Configure Alerts

Overview

Note

As generating alerts is dependent on cluster monitoring, please configure monitoring before configuring alerts from Grafana.

Working alongside cluster monitoring, this feature proactively alerts you to the changing state of a cluster. Alerts allow you to proactively remediate any issues that could adversely affect both the cluster and the applications that depend on it.

Pre-configured alerts are included that can be configured by, and triggered for, individual cluster(s).

These pre-configured alerts, most of which can be customized, have the following components:

  • A trigger condition (or alert rules) refers to what’s being monitored.

  • Each alert has configurable parameters that, when taken together, constitute a threshold.

  • When an alert rule's threshold is reached, an alert is sent to the list of configured contact points.

Prerequisites

  • A SingleStore 7.3 or later Metrics cluster configured to monitor one or more Source clusters via Configure Monitoring.

  • A Grafana instance with the monitoring data source configured via Connect Data Visualization Tools.

  • Grafana version 9.5.6 or later.
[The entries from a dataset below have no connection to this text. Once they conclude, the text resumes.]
(* Let $p$ be a prime, $k,t\ge0$ integers, and $a,b,h$ integers with $\gcd(ab,p)=1$. Then $|R^\ast_{p^t,b}(p^k,a,h)|\le\gcd(h,p^k)$.
   Context: $e(z)=e^{2\pi iz}$. For positive integers $q,W$ and integers $a,b,h$, $R^\ast_{W,b}(q,a,h)=\sum_{1\le c\le qW,\ \gcd(c,q)=1,\ c\equiv b\ (\mathrm{mod}\ W)}e\big(\frac{ach}{qW}\big)$. Here $\gcd(0,n)=n$. *)

theory Defs
  imports "HOL-Analysis.Analysis"
begin

definition e_fun :: "real \<Rightarrow> complex" where
  "e_fun z = exp (2 * pi * \<i> * complex_of_real z)"

definition Rstar :: "nat \<Rightarrow> int \<Rightarrow> nat \<Rightarrow> int \<Rightarrow> int \<Rightarrow> complex" where
  "Rstar W b q a h =
     (\<Sum>c \<in> {c::int. 1 \<le> c \<and> c \<le> int q * int W \<and> gcd c (int q) = 1 \<and> c mod int W = b mod int W}.
        e_fun (real_of_int (a * c * h) / real (q * W)))"

end

theory Submission
  imports Defs
begin

text \<open>
  Write \<open>q = p^k\<close> and \<open>W = p^t\<close>. If \<open>t > 0\<close> (or \<open>k = 0\<close>), the congruence
  \<open>c \<equiv> b (mod W)\<close> already makes \<open>c\<close> prime to \<open>q\<close>, so \<open>c\<close> runs through the full
  progression \<open>s + W j\<close>, \<open>0 \<le> j < q\<close>, and the sum is a unimodular factor times the
  geometric sum \<open>\<Sum>j<q. e(j a h / q)\<close>, which is \<open>q\<close> or \<open>0\<close>. If \<open>t = 0 < k\<close>, it is a
  Ramanujan sum: the sum over \<open>{1..q}\<close> minus the sum over the multiples of \<open>p\<close>, with value
  \<open>[q | a h] q - [q/p | a h] q/p\<close>. As \<open>a\<close> is prime to \<open>p\<close>, only divisibility of \<open>h\<close>
  matters, and every case is bounded by \<open>gcd h q\<close>.
\<close>

lemma e_fun_add: "e_fun (x + y) = e_fun x * e_fun y"
  unfolding e_fun_def by (simp add: distrib_left exp_add)

lemma e_fun_of_int: "e_fun (real_of_int n) = 1"
  unfolding e_fun_def using exp_integer_2pi[of "of_int n"]
  by (simp add: mult.commute mult.left_commute)

lemma norm_e_fun: "norm (e_fun x) = 1"
  unfolding e_fun_def by (simp add: norm_exp_eq_Re)

lemma e_fun_eq_1_iff: "e_fun x = 1 \<longleftrightarrow> x \<in> \<int>"
proof
  assume "e_fun x = 1"
  then obtain n :: int where "2 * pi * x = of_int (2 * n) * pi"
    unfolding e_fun_def exp_eq_1 by auto
  then have "x = of_int n"
    by simp
  then show "x \<in> \<int>"
    by simp
qed (auto elim: Ints_cases simp: e_fun_of_int)

lemma e_fun_of_nat_mult: "e_fun (real j * x) = e_fun x ^ j"
  unfolding e_fun_def by (metis exp_of_nat_mult mult.left_commute of_real_mult of_real_of_nat_eq)

lemma e_fun_div_eq_1_iff:
  assumes "m > 0"
  shows "e_fun (real_of_int n / real m) = 1 \<longleftrightarrow> int m dvd n"
proof -
  have "real_of_int n / real m \<in> \<int> \<longleftrightarrow> int m dvd n"
  proof
    assume "real_of_int n / real m \<in> \<int>"
    then obtain r where "real_of_int n / real m = of_int r" by (auto elim: Ints_cases)
    then have "real_of_int n = real_of_int (int m * r)"
      using assms by (simp add: field_simps)
    then show "int m dvd n"
      by (simp only: of_int_eq_iff) simp
  next
    assume "int m dvd n"
    then obtain r where "n = int m * r" ..
    then have "real_of_int n / real m = of_int r"
      using assms by simp
    then show "real_of_int n / real m \<in> \<int>"
      by simp
  qed
  then show ?thesis by (simp add: e_fun_eq_1_iff)
qed

lemma sum_e_fun_lessThan:
  assumes "m > 0"
  shows "(\<Sum>j<m. e_fun (real_of_int (int j * n) / real m)) = (if int m dvd n then of_nat m else 0)"
proof -
  define z where "z = e_fun (real_of_int n / real m)"
  have powers: "e_fun (real_of_int (int j * n) / real m) = z ^ j" for j
    unfolding z_def e_fun_of_nat_mult[symmetric] by (simp add: mult.commute)
  have "z ^ m = 1" using powers[of m] assms by (simp add: e_fun_of_int)
  moreover have "z = 1 \<longleftrightarrow> int m dvd n"
    unfolding z_def using e_fun_div_eq_1_iff[OF assms] .
  ultimately show ?thesis
    unfolding powers using geometric_sum[of z m] by auto
qed

lemma residue_class_interval_eq_image:
  fixes b :: int and q W :: nat
  assumes "W > 0"
  shows "{c. 1 \<le> c \<and> c \<le> int q * int W \<and> c mod int W = b mod int W} =
         (\<lambda>j. (b - 1) mod int W + 1 + int W * int j) ` {..<q}"
    (is "?S = ?f ` _")
proof
  show "?S \<subseteq> ?f ` {..<q}"
  proof
    fix c assume c: "c \<in> ?S"
    define j where "j = (c - 1) div int W"
    have decomp: "c - 1 = int W * j + (c - 1) mod int W"
      unfolding j_def by (simp add: mult.commute)
    moreover have "(c - 1) mod int W = (b - 1) mod int W"
      using c mod_diff_left_eq[of c "int W" 1] mod_diff_left_eq[of b "int W" 1] by simp
    ultimately have "c = (b - 1) mod int W + 1 + int W * j"
      by linarith
    moreover have "0 \<le> j"
      using c assms unfolding j_def by (simp add: pos_imp_zdiv_nonneg_iff)
    moreover have "j < int q"
    proof -
      have "0 \<le> (c - 1) mod int W" "c \<le> int W * int q"
        using c assms by (simp_all add: mult.commute)
      then have "int W * j < int W * int q"
        using decomp by linarith
      then show ?thesis
        using assms by simp
    qed
    ultimately show "c \<in> ?f ` {..<q}"
      by (intro image_eqI[where x = "nat j"]) auto
  qed
next
  show "?f ` {..<q} \<subseteq> ?S"
  proof (rule image_subsetI)
    fix j assume "j \<in> {..<q}"
    define s where "s = (b - 1) mod int W + 1"
    have s: "1 \<le> s" "s \<le> int W"
      using pos_mod_bound[of "int W" "b - 1"] pos_mod_sign[of "int W" "b - 1"] assms
      unfolding s_def by linarith+
    have "int W * int j \<le> int W * (int q - 1)"
      using \<open>j \<in> {..<q}\<close> by (intro mult_left_mono) auto
    then have "s + int W * int j \<le> int q * int W"
      using s by (simp add: algebra_simps)
    moreover have "1 \<le> s + int W * int j"
      using s by (intro add_increasing2) auto
    moreover have "(s + int W * int j) mod int W = b mod int W"
      unfolding s_def by (simp add: mod_add_left_eq)
    ultimately show "?f j \<in> ?S"
      unfolding s_def by simp
  qed
qed

lemma sum_e_fun_residue_class:
  fixes b n :: int and q W :: nat
  assumes "q > 0" "W > 0"
  shows "(\<Sum>c | 1 \<le> c \<and> c \<le> int q * int W \<and> c mod int W = b mod int W.
            e_fun (real_of_int (c * n) / real (q * W))) =
         e_fun (real_of_int (((b - 1) mod int W + 1) * n) / real (q * W)) *
         (if int q dvd n then of_nat q else 0)"
proof -
  define s where "s = (b - 1) mod int W + 1"
  have inj: "inj_on (\<lambda>j. s + int W * int j) {..<q}"
    using assms by (auto simp: inj_on_def)
  have split: "real_of_int ((s + int W * int j) * n) / real (q * W) =
      real_of_int (s * n) / real (q * W) + real_of_int (int j * n) / real q" for j
    using assms by (simp add: field_simps)
  have "(\<Sum>c | 1 \<le> c \<and> c \<le> int q * int W \<and> c mod int W = b mod int W.
            e_fun (real_of_int (c * n) / real (q * W))) =
        (\<Sum>j<q. e_fun (real_of_int ((s + int W * int j) * n) / real (q * W)))"
    unfolding residue_class_interval_eq_image[OF assms(2)] s_def[symmetric]
    by (simp add: sum.reindex[OF inj])
  also have "\<dots> = e_fun (real_of_int (s * n) / real (q * W)) *
                   (\<Sum>j<q. e_fun (real_of_int (int j * n) / real q))"
    unfolding split e_fun_add sum_distrib_left ..
  finally show ?thesis
    unfolding s_def sum_e_fun_lessThan[OF assms(1)] .
qed

lemma sum_e_fun_atLeastAtMost:
  fixes m :: nat and n :: int
  assumes "m > 0"
  shows "(\<Sum>c\<in>{1..int m}. e_fun (real_of_int (c * n) / real m)) =
         (if int m dvd n then of_nat m else 0)"
proof -
  have "{c. 1 \<le> c \<and> c \<le> int m * int 1 \<and> c mod int 1 = 1 mod int 1} = {1..int m}"
    by auto
  then show ?thesis
    using sum_e_fun_residue_class[where b = 1 and n = n and q = m and W = 1]
      e_fun_div_eq_1_iff[OF assms, of n] assms
    by simp
qed

lemma sum_e_fun_non_multiples:
  fixes p r :: nat and n :: int
  assumes "p > 0" "r > 0"
  shows "(\<Sum>c | 1 \<le> c \<and> c \<le> int (p * r) \<and> \<not> int p dvd c.
            e_fun (real_of_int (c * n) / real (p * r))) =
         (if int (p * r) dvd n then of_nat (p * r) else 0) - (if int r dvd n then of_nat r else 0)"
proof -
  define f where "f c = e_fun (real_of_int (c * n) / real (p * r))" for c
  define M where "M = (\<lambda>j. int p * j) ` {1..int r}"
  have M: "M = {c \<in> {1..int (p * r)}. int p dvd c}"
  proof (intro equalityI subsetI)
    fix c assume "c \<in> M"
    then obtain j where "1 \<le> j" "j \<le> int r" "c = int p * j"
      unfolding M_def by auto
    then show "c \<in> {c \<in> {1..int (p * r)}. int p dvd c}"
      using assms mult_mono[of 1 "int p" 1 j] by auto
  next
    fix c assume "c \<in> {c \<in> {1..int (p * r)}. int p dvd c}"
    then obtain j where "c = int p * j" "1 \<le> int p * j" "int p * j \<le> int p * int r"
      by auto
    moreover from this have "1 \<le> j" "j \<le> int r"
      using assms zero_less_mult_pos[of "int p" j] by auto
    ultimately show "c \<in> M"
      unfolding M_def by auto
  qed
  have inj: "inj_on (\<lambda>j. int p * j) {1..int r}"
    using assms by (auto simp: inj_on_def)
  have M_subset: "M \<subseteq> {1..int (p * r)}"
    unfolding M by auto
  have "{c. 1 \<le> c \<and> c \<le> int (p * r) \<and> \<not> int p dvd c} = {1..int (p * r)} - M"
    unfolding M by auto
  then have "(\<Sum>c | 1 \<le> c \<and> c \<le> int (p * r) \<and> \<not> int p dvd c. f c) =
      sum f {1..int (p * r)} - sum f M"
    using sum_diff[OF _ M_subset, of f] by simp
  also have "sum f {1..int (p * r)} = (if int (p * r) dvd n then of_nat (p * r) else 0)"
    unfolding f_def using assms by (intro sum_e_fun_atLeastAtMost) simp
  also have "sum f M = (\<Sum>j\<in>{1..int r}. e_fun (real_of_int (j * n) / real r))"
    unfolding M_def f_def using assms by (simp add: sum.reindex[OF inj])
  also have "\<dots> = (if int r dvd n then of_nat r else 0)"
    using assms(2) by (rule sum_e_fun_atLeastAtMost)
  finally show ?thesis
    unfolding f_def .
qed

lemma coprime_prime_right_iff:
  fixes p :: "'a :: factorial_semiring_gcd"
  assumes "prime p"
  shows "coprime a p \<longleftrightarrow> \<not> p dvd a"
proof
  assume "coprime a p"
  show "\<not> p dvd a"
  proof
    assume "p dvd a"
    with \<open>coprime a p\<close> have "is_unit p"
      by (rule coprime_common_divisor) simp
    with assms show False
      by (simp add: not_prime_unit)
  qed
next
  assume "\<not> p dvd a"
  then show "coprime a p"
    using prime_imp_coprime[OF assms] by (simp add: coprime_commute)
qed

lemma coprime_left_iff_if_mod_eq:
  fixes b c m W :: int
  assumes "m dvd W" "c mod W = b mod W"
  shows "coprime c m \<longleftrightarrow> coprime b m"
proof -
  have "c mod m = b mod m"
    using assms by (metis mod_mod_cancel)
  then show ?thesis
    by (metis coprime_iff_gcd_eq_1 gcd_red_int gcd.commute)
qed

lemma norm_Rstar_coprime_residue_class:
  fixes a b h :: int and q W :: nat
  assumes "q > 0" "W > 0" and coprime: "\<And>c. c mod int W = b mod int W \<Longrightarrow> coprime c (int q)"
  shows "norm (Rstar W b q a h) = (if int q dvd a * h then real q else 0)"
proof -
  have "Rstar W b q a h =
      (\<Sum>c | 1 \<le> c \<and> c \<le> int q * int W \<and> c mod int W = b mod int W.
         e_fun (real_of_int (c * (a * h)) / real (q * W)))"
    unfolding Rstar_def using coprime
    by (intro sum.cong) (auto simp: coprime_iff_gcd_eq_1 ac_simps)
  also have "\<dots> = e_fun (real_of_int (((b - 1) mod int W + 1) * (a * h)) / real (q * W)) *
                   (if int q dvd a * h then of_nat q else 0)"
    using assms(1,2) by (rule sum_e_fun_residue_class)
  finally show ?thesis
    by (simp only: norm_mult norm_e_fun) simp
qed

lemma Rstar_trivial_modulus_prime_power:
  fixes a b h :: int and p k :: nat
  assumes "prime p" "k > 0"
  shows "Rstar 1 b (p ^ k) a h =
         (if int (p ^ k) dvd a * h then of_nat (p ^ k) else 0) -
         (if int (p ^ (k - 1)) dvd a * h then of_nat (p ^ (k - 1)) else 0)"
proof -
  define r where "r = p ^ (k - 1)"
  have pk: "p ^ k = p * r"
    using assms(2) by (simp add: r_def power_eq_if)
  have "gcd c (int (p ^ k)) = 1 \<longleftrightarrow> \<not> int p dvd c" for c
    using assms coprime_prime_right_iff[of "int p" c] by (simp flip: coprime_iff_gcd_eq_1)
  then have "{c. 1 \<le> c \<and> c \<le> int (p ^ k) * int 1 \<and> gcd c (int (p ^ k)) = 1 \<and> c mod int 1 = b mod int 1} =
      {c. 1 \<le> c \<and> c \<le> int (p * r) \<and> \<not> int p dvd c}"
    unfolding pk by auto
  moreover have "a * c * h = c * (a * h)" for c
    by (simp add: ac_simps)
  ultimately have "Rstar 1 b (p ^ k) a h =
      (\<Sum>c | 1 \<le> c \<and> c \<le> int (p * r) \<and> \<not> int p dvd c.
         e_fun (real_of_int (c * (a * h)) / real (p * r)))"
    unfolding Rstar_def by (simp only: pk mult_1_right)
  also have "\<dots> = (if int (p * r) dvd a * h then of_nat (p * r) else 0) -
                   (if int r dvd a * h then of_nat r else 0)"
    using assms(1) by (intro sum_e_fun_non_multiples) (auto simp: r_def prime_gt_0_nat)
  finally show ?thesis
    unfolding r_def[symmetric] pk .
qed

lemma norm_dvd_indicator_diff_le_gcd:
  fixes q r :: nat and h :: int
  assumes "q > 0" "r dvd q"
  shows "norm ((if int q dvd h then of_nat q else 0) - (if int r dvd h then of_nat r else 0) :: complex)
         \<le> real_of_int (gcd h (int q))"
proof -
  have "r \<le> q"
    using assms by (simp add: dvd_imp_le)
  have "0 < gcd h (int q)"
    using assms(1) by simp
  consider "int q dvd h" | "\<not> int q dvd h" "int r dvd h" | "\<not> int r dvd h"
    by blast
  then show ?thesis
  proof cases
    case 1
    then have "int r dvd h"
      using assms(2) dvd_trans by (meson of_nat_dvd_iff)
    with 1 show ?thesis
      using \<open>r \<le> q\<close> by (simp add: gcd_proj2_iff flip: of_nat_diff)
  next
    case 2
    then have "int r dvd gcd h (int q)"
      using assms(2) by simp
    then have "int r \<le> gcd h (int q)"
      using \<open>0 < gcd h (int q)\<close> by (rule zdvd_imp_le)
    then show ?thesis
      using 2 by simp
  next
    case 3
    then have "\<not> int q dvd h"
      using assms(2) dvd_trans by (meson of_nat_dvd_iff)
    with 3 show ?thesis
      using \<open>0 < gcd h (int q)\<close> by simp
  qed
qed

theorem lemma2p10:
  fixes p k t :: nat and a b h :: int
  assumes "prime p" and "gcd (a * b) (int p) = 1"
  shows "norm (Rstar (p ^ t) b (p ^ k) a h) \<le> real_of_int (gcd h (int p ^ k))"
proof -
  have "p > 0"
    using assms(1) by (simp add: prime_gt_0_nat)
  have "coprime a (int p)" and "coprime b (int p)"
    using assms(2) by (simp_all flip: coprime_iff_gcd_eq_1)
  have cancel_a: "int p ^ m dvd a * h \<longleftrightarrow> int p ^ m dvd h" for m
    using \<open>coprime a (int p)\<close> by (simp add: coprime_dvd_mult_right_iff coprime_commute)
  consider "t > 0 \<or> k = 0" | "t = 0" "k > 0"
    by blast
  then show ?thesis
  proof cases
    case 1
    then have "coprime c (int (p ^ k))" if "c mod int (p ^ t) = b mod int (p ^ t)" for c
      using that \<open>coprime b (int p)\<close> coprime_left_iff_if_mod_eq[of "int p" "int (p ^ t)" c b] by auto
    then have "norm (Rstar (p ^ t) b (p ^ k) a h) = (if int (p ^ k) dvd a * h then real (p ^ k) else 0)"
      using \<open>p > 0\<close> by (intro norm_Rstar_coprime_residue_class) auto
    then show ?thesis
      by (simp add: cancel_a gcd_proj2_iff)
  next
    case 2
    then show ?thesis
      using Rstar_trivial_modulus_prime_power[OF assms(1), of k b a h]
        norm_dvd_indicator_diff_le_gcd[of "p ^ k" "p ^ (k - 1)" h] \<open>p > 0\<close>
      by (simp add: cancel_a le_imp_power_dvd)
  qed
qed

end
Note that this is a later version than the one required for monitoring. Grafana can be updated by installing this version or a later version and restarting the Grafana server.

Configure Contact Points

Contact points define the connections to the external services that deliver alerts, such as email, PagerDuty, Slack, and more. This section describes how to configure these three contact points. A number of other integrations are supported by Grafana. Refer to Configure contact points for additional information.

Email

Configure the SMTP Server (Optional)

Note

If you already have an SMTP server configured, you can skip this example.

While the Postfix SMTP server is used in this example, email alerts can be configured with any SMTP server.

Red Hat Distribution
  1. Install Postfix.

    sudo yum install postfix
  2. Start Postfix.

    systemctl start postfix
  3. Enable the Postfix service to ensure that it will restart when the host is rebooted.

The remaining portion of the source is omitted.